Watch his talk below to hear how his team runs the IBM cloud container services. If you're interested in joining us at a future Meetup, you can sign up here.
What I'm here to talk about today is deployment of scale, specifically around the IBM Cloud Container Service. A small plug about myself is I've been with IBM for 22 years. I started off doing SAP deployments within IBM before virtualization and before, we were still running like Token Ring I think at the time. That's how long ago it was. I actually moved from services to doing product development. So we were actually building products, putting them on a CD and mailing them out to customers.
For about the past three years I've been doing cloud development, basically learning what cloud native applications are, what running a service means. We've actually kind of have those journey with an IBM overall, kind of learning how to do this stuff. And what we're going to talk about tonight is where we're at today with the IBM Cloud Container Service.
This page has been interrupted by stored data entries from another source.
(* Let $g\geqslant0$ be even. With respect to the lexicographic monomial order with $\alpha>\gamma$, the set \[\{\zeta^-_g,\ \gamma\zeta^-_{g-2},\ \gamma^2\zeta^-_{g-4},\ \ldots,\ \gamma^{g/2-1}\zeta^-_2,\ \gamma^{g/2}\}\] is a Gröbner basis for the ideal $J_g^-=J_{g+1}^-$. Consequently, the initial ideal of $J_g^-$ is generated by the monomials $\gamma^i\alpha^{g-2i}$, $0\leqslant i\leqslant g/2$, and the monomials $\alpha^a\gamma^c$ with $0\leqslant c<g/2$ and $0\leqslant a<g-2c$ represent a vector space basis of $\mathbb{C}[\alpha,\gamma]/J_g^-$.
   Context: $\zeta_k^-\in\mathbb{C}[\alpha,\gamma]$: $\zeta^-_i=0$ for $i<0$, $\zeta^-_0=1$, $\zeta^-_{k+1}=\alpha\zeta^-_k-16k^2\zeta^-_{k-1}+2k(k-1)\gamma\zeta^-_{k-2}$ for $k$ odd and $\zeta^-_{k+1}=\alpha\zeta^-_k+2k(k-1)\gamma\zeta^-_{k-2}$ for $k$ even ($k\geqslant0$); $J^-_k=(\zeta^-_k,\zeta^-_{k+1},\zeta^-_{k+2})$. *)

theory Defs
  imports "HOL-Computational_Algebra.Polynomial"
begin

text \<open>The bivariate polynomial ring C[alpha, gamma] is represented as
  complex poly poly: the outer variable is alpha, the inner variable is gamma.
  Thus a polynomial is sum_a p_a(gamma) alpha^a.\<close>

definition alpha :: "complex poly poly" where
  "alpha = monom 1 1"

definition gamma :: "complex poly poly" where
  "gamma = monom (monom 1 1) 0"

definition mon :: "nat \<Rightarrow> nat \<Rightarrow> complex poly poly" where
  "mon a c = monom (monom 1 c) a"

text \<open>zeta^-_k; negative indices are 0.  In the recursion the terms with
  (truncated) index k-1, k-2 for small k carry a zero coefficient, so the
  natural-number truncation is harmless.\<close>
fun zeta :: "nat \<Rightarrow> complex poly poly" where
  "zeta 0 = 1"
| "zeta (Suc k) = alpha * zeta k
     - (if odd k then of_nat (16 * k^2) * zeta (k - 1) else 0)
     + of_nat (2 * k * (k - 1)) * gamma * zeta (k - 2)"

definition is_ideal :: "'a::comm_ring_1 set \<Rightarrow> bool" where
  "is_ideal I \<longleftrightarrow> 0 \<in> I \<and> (\<forall>x\<in>I. \<forall>y\<in>I. x + y \<in> I) \<and> (\<forall>r. \<forall>x\<in>I. r * x \<in> I)"

definition gen_ideal :: "'a::comm_ring_1 set \<Rightarrow> 'a set" where
  "gen_ideal S = \<Inter> {I. is_ideal I \<and> S \<subseteq> I}"

definition J :: "nat \<Rightarrow> complex poly poly set" where
  "J k = gen_ideal {zeta k, zeta (k + 1), zeta (k + 2)}"

text \<open>Leading monomial w.r.t. the lexicographic order with alpha > gamma:
  alpha^a gamma^c is compared via (a, c) lexicographically, so the leading
  monomial of p \<noteq> 0 is alpha^(deg_alpha p) gamma^(deg of the leading alpha-coefficient).\<close>
definition lex_lead_mon :: "complex poly poly \<Rightarrow> complex poly poly" where
  "lex_lead_mon p = mon (degree p) (degree (lead_coeff p))"

definition initial_ideal :: "complex poly poly set \<Rightarrow> complex poly poly set" where
  "initial_ideal I = gen_ideal {lex_lead_mon f | f. f \<in> I \<and> f \<noteq> 0}"

definition is_groebner_basis :: "complex poly poly set \<Rightarrow> complex poly poly set \<Rightarrow> bool" where
  "is_groebner_basis G I \<longleftrightarrow> G \<subseteq> I \<and>
     gen_ideal (lex_lead_mon ` (G - {0})) = initial_ideal I"

end

theory Submission
  imports Defs
begin

text \<open>Write \<open>g = 2h\<close>. The recursion of \<open>\<zeta>\<close> shows \<open>J\<^sub>2\<^sub>h = (\<zeta>\<^sub>2\<^sub>h) + \<gamma> J\<^sub>2\<^sub>h\<^sub>-\<^sub>2\<close>, so \<open>J\<^sub>2\<^sub>h\<close> is
  generated by the \<open>\<gamma>\<^sup>i\<zeta>\<^sub>2\<^sub>h\<^sub>-\<^sub>2\<^sub>i\<close>, whose leading monomials are \<open>\<alpha>\<^sup>2\<^sup>h\<^sup>-\<^sup>2\<^sup>i\<gamma>\<^sup>i\<close>.
  Since \<open>\<zeta>\<^sub>k\<close> has \<open>\<alpha>\<close>-degree \<open>k\<close> also after setting \<open>\<gamma> = 0\<close>, an element of \<open>J\<^sub>2\<^sub>h\<close> of
  \<open>\<alpha>\<close>-degree below \<open>2h\<close> is divisible by \<open>\<gamma>\<close>; by induction no nonzero element has its leading
  monomial in the staircase \<open>c < h, a + 2c < 2h\<close>. Conversely every monomial outside the staircase
  reduces modulo these generators, which gives the initial ideal, the Groebner basis and the
  normal forms at once.

  For \<open>J\<^sub>2\<^sub>h = J\<^sub>2\<^sub>h\<^sub>+\<^sub>1\<close> it suffices to show \<open>\<zeta>\<^sub>2\<^sub>h \<in> J\<^sub>2\<^sub>h\<^sub>+\<^sub>1\<close>. Running the recursion downwards expresses
  \<open>\<gamma>\<^sup>j\<zeta>\<^sub>2\<^sub>h\<^sub>-\<^sub>2\<^sub>j\<close> and \<open>\<gamma>\<^sup>j\<zeta>\<^sub>2\<^sub>h\<^sub>-\<^sub>2\<^sub>j\<^sub>+\<^sub>1\<close> modulo \<open>J\<^sub>2\<^sub>h\<^sub>+\<^sub>1\<close> as real polynomials in \<open>\<alpha>\<close> times \<open>\<zeta>\<^sub>2\<^sub>h\<close>;
  at \<open>j = h\<close> this puts a polynomial \<open>u(\<alpha>)\<close> into the ideal quotient \<open>(J\<^sub>2\<^sub>h\<^sub>+\<^sub>1 : \<zeta>\<^sub>2\<^sub>h)\<close>.
  That quotient also contains \<open>\<zeta>\<^sub>2\<^sub>h\<close> and \<open>\<gamma>\<close>, hence \<open>\<zeta>\<^sub>2\<^sub>h\<close> at \<open>\<gamma> = 0\<close>, which is
  \<open>\<Prod>\<^sub>l\<^sub><\<^sub>h (\<alpha>\<^sup>2 - 16(2l+1)\<^sup>2)\<close>. A sign pattern of the coefficients of the downward recursion
  shows that \<open>u\<close> has no nonzero real root, so the two are coprime and the quotient is the
  unit ideal.\<close>

section \<open>Ideals and polynomial maps\<close>

lemma is_idealD:
  assumes "is_ideal I"
  shows ideal_zero: "0 \<in> I" and ideal_add: "x \<in> I \<Longrightarrow> y \<in> I \<Longrightarrow> x + y \<in> I"
    and ideal_mult_left: "x \<in> I \<Longrightarrow> r * x \<in> I"
  using assms unfolding is_ideal_def by auto

lemma ideal_mult_right: "is_ideal I \<Longrightarrow> x \<in> I \<Longrightarrow> x * r \<in> I"
  using ideal_mult_left[of I x r] by (simp add: mult.commute)

lemma ideal_diff: "is_ideal I \<Longrightarrow> x \<in> I \<Longrightarrow> y \<in> I \<Longrightarrow> x - y \<in> I"
  using ideal_add[of I x "-1 * y"] ideal_mult_left[of I y "-1"] by simp

lemma ideal_cancel_unit: "is_ideal I \<Longrightarrow> c dvd 1 \<Longrightarrow> c * x \<in> I \<Longrightarrow> x \<in> I"
proof -
  assume I: "is_ideal I" and "c dvd 1" and cx: "c * x \<in> I"
  then obtain k where "1 = c * k" by blast
  then have "x = k * (c * x)" by (metis mult.assoc mult.commute mult_1)
  with ideal_mult_left[OF I cx, of k] show "x \<in> I" by simp
qed

lemma ideal_eq_UNIV: "is_ideal I \<Longrightarrow> 1 \<in> I \<Longrightarrow> I = UNIV"
  using ideal_mult_left[of I 1] by auto

lemma is_ideal_UNIV: "is_ideal UNIV"
  unfolding is_ideal_def by auto

lemma is_ideal_quotient: "is_ideal I \<Longrightarrow> is_ideal {y. u * y \<in> I}"
  unfolding is_ideal_def by (auto simp: algebra_simps)

lemma is_ideal_gen_ideal: "is_ideal (gen_ideal S)"
  unfolding gen_ideal_def is_ideal_def by auto

lemma gen_ideal_superset: "S \<subseteq> gen_ideal S"
  unfolding gen_ideal_def by auto

lemma gen_ideal_least: "is_ideal I \<Longrightarrow> S \<subseteq> I \<Longrightarrow> gen_ideal S \<subseteq> I"
  unfolding gen_ideal_def by auto

text \<open>Since \<open>u \<equiv> u(c)\<close> modulo \<open>X - c\<close>, the ideal contains \<open>u(c) y\<close>.\<close>
lemma ideal_cancel_linear_factor:
  fixes L :: "'a::comm_ring_1 poly set"
  assumes L: "is_ideal L" and u: "u \<in> L" "poly u c dvd 1" and y: "[:-c, 1:] * y \<in> L"
  shows "y \<in> L"
proof (rule ideal_cancel_unit[OF L])
  from u(2) obtain k where "1 = poly u c * k" by (rule dvdE)
  then have "1 = [:poly u c:] * [:k:]" by (simp add: one_pCons mult.commute)
  then show "[:poly u c:] dvd 1" by (rule dvdI)
  have "[:poly u c:] = u - [:-c, 1:] * synthetic_div u c"
    using synthetic_div_correct'[of c u] by (metis add_diff_cancel_left')
  then have "[:poly u c:] * y = u * y - synthetic_div u c * ([:-c, 1:] * y)"
    by (simp only: left_diff_distrib right_diff_distrib mult_ac)
  also have "\<dots> \<in> L" by (rule ideal_diff[OF L ideal_mult_right[OF L u(1)] ideal_mult_left[OF L y]])
  finally show "[:poly u c:] * y \<in> L" .
qed

lemma ideal_cancel_linear_factors:
  fixes L :: "'a::comm_ring_1 poly set"
  assumes L: "is_ideal L" and u: "u \<in> L" "\<forall>c\<in>set cs. poly u c dvd 1"
    and y: "prod_list (map (\<lambda>c. [:-c, 1:]) cs) * y \<in> L"
  shows "y \<in> L"
  using u(2) y
proof (induction cs arbitrary: y)
  case Nil
  then show ?case by (simp only: list.map prod_list.Nil mult_1_left)
next
  case (Cons c cs)
  have c: "poly u c dvd 1" and cs: "\<forall>c\<in>set cs. poly u c dvd 1"
    using Cons.prems(1) by simp_all
  have "[:-c, 1:] * (prod_list (map (\<lambda>c. [:-c, 1:]) cs) * y) \<in> L"
    using Cons.prems(2) by (simp only: list.map prod_list.Cons mult.assoc)
  then have "prod_list (map (\<lambda>c. [:-c, 1:]) cs) * y \<in> L"
    by (rule ideal_cancel_linear_factor[OF L u(1) c])
  with cs show ?case by (rule Cons.IH)
qed

lemma map_poly_add_hom:
  assumes "f 0 = 0" "\<And>x y. f (x + y) = f x + f y"
  shows "map_poly f (p + q) = map_poly f p + map_poly f q"
  by (rule poly_eqI) (simp add: coeff_map_poly assms)

lemma map_poly_diff_hom:
  fixes f :: "'a::comm_ring \<Rightarrow> 'b::comm_ring"
  assumes "f 0 = 0" "\<And>x y. f (x - y) = f x - f y"
  shows "map_poly f (p - q) = map_poly f p - map_poly f q"
  by (rule poly_eqI) (simp add: coeff_map_poly assms)

lemma map_poly_mult_hom:
  fixes f :: "'a::comm_semiring_1 \<Rightarrow> 'b::comm_semiring_1"
  assumes f: "f 0 = 0" "\<And>x y. f (x + y) = f x + f y" "\<And>x y. f (x * y) = f x * f y"
  shows "map_poly f (p * q) = map_poly f p * map_poly f q"
proof (induction p)
  case (pCons a p)
  have "map_poly f (pCons a p * q) = map_poly f (smult a q) + map_poly f (pCons 0 (p * q))"
    by (simp add: map_poly_add_hom f)
  also have "\<dots> = map_poly f (pCons a p) * map_poly f q"
    using pCons.IH by (simp add: map_poly_smult map_poly_pCons f)
  finally show ?case .
qed simp

section \<open>The polynomials \<open>\<zeta>\<^sub>k\<close> and the ideals \<open>J\<^sub>k\<close>\<close>

declare zeta.simps(2) [simp del]

lemma alpha_mult: "alpha * p = pCons 0 p"
  by (simp add: alpha_def monom_Suc)

lemma gamma_mult: "gamma * p = smult [:0, 1:] p"
  by (simp add: gamma_def monom_Suc monom_0)

lemma alpha_power: "alpha ^ k = monom 1 k"
  by (simp add: alpha_def monom_power)

lemma gamma_power_mult: "gamma ^ i * p = smult (monom 1 i) p"
  by (induction i) (simp_all add: gamma_mult mult.assoc monom_Suc)

lemma mon_mult: "mon a c * mon a' c' = mon (a + a') (c + c')"
  unfolding mon_def by (simp add: mult_monom)

lemma of_nat_bipoly_dvd_one: "n \<noteq> 0 \<Longrightarrow> (of_nat n :: complex poly poly) dvd 1"
  by (simp add: of_nat_poly is_unit_const_poly_iff dvd_field_iff)

lemma degree_of_nat_mult_le: "degree ((of_nat n :: complex poly poly) * p) \<le> degree p"
  by (metis degree_mult_le degree_of_nat add_0)

lemma degree_gamma_mult: "degree (gamma * p) = degree p"
  by (simp add: gamma_mult)

lemma zeta_Suc_even:
  "even k \<Longrightarrow> zeta (Suc k) = alpha * zeta k + of_nat (2 * k * (k - 1)) * gamma * zeta (k - 2)"
  by (simp add: zeta.simps(2))

lemma zeta_Suc_odd:
  "odd k \<Longrightarrow> zeta (Suc k) = alpha * zeta k - of_nat (16 * k^2) * zeta (k - 1)
     + of_nat (2 * k * (k - 1)) * gamma * zeta (k - 2)"
  by (simp add: zeta.simps(2))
One of the reasons I put this little arrow in here is when I did all my initial work doing SAP deployments, I'm finding a lot of parallels building, and running, and managing the SAP service, to even actually run a cloud service today. Some of the lessons learned that we took back 20 years ago are still applicable today. So that's the kind of stuff we'll get into as well.
And now the plug for the IBM Cloud Container Service, essentially it's hosted Kubernetes. If you go to ibmcloud.com and you say, “I want a new Kubernetes cluster,” you sign up, say, “Create me a cluster,” give some specifications. We do standard Kubernetes clusters using virtual machines or it can even do bare metal boxes. We do all of it for you. We set the clusters up, we manage them, make sure they're secure, all that kind of good stuff.
I'm gonna talk about something called Razee, and I'm pronouncing that wrong on purpose because I don't know how to say it the right way. If you're familiar at all with Kubernetes, you'll realize that everything has this kind of nautical naming to it. There's actually a Wikipedia page that talks about, it's just a list of nautical terms. Once you get into Kubernetes, what you'll find is you'll go to this Wiki page and you'll see this kind of matches what I'm doing. And that's what we do with Razee.
A razee is actually a boat or a ship that has been decommissioned and they have actually scraped some layers off the boat, like a couple of decks off the boat, to make it smaller and nimbler. So there's a little bit of meaning behind the Razee and that's what we came up with. Also the internal code name for IBM Cloud Container Service is our Armada. And the reason I bring this up is I'm going to start talking about Armada and Razee throughout the presentation here. Just making sure kind of the history around what it means.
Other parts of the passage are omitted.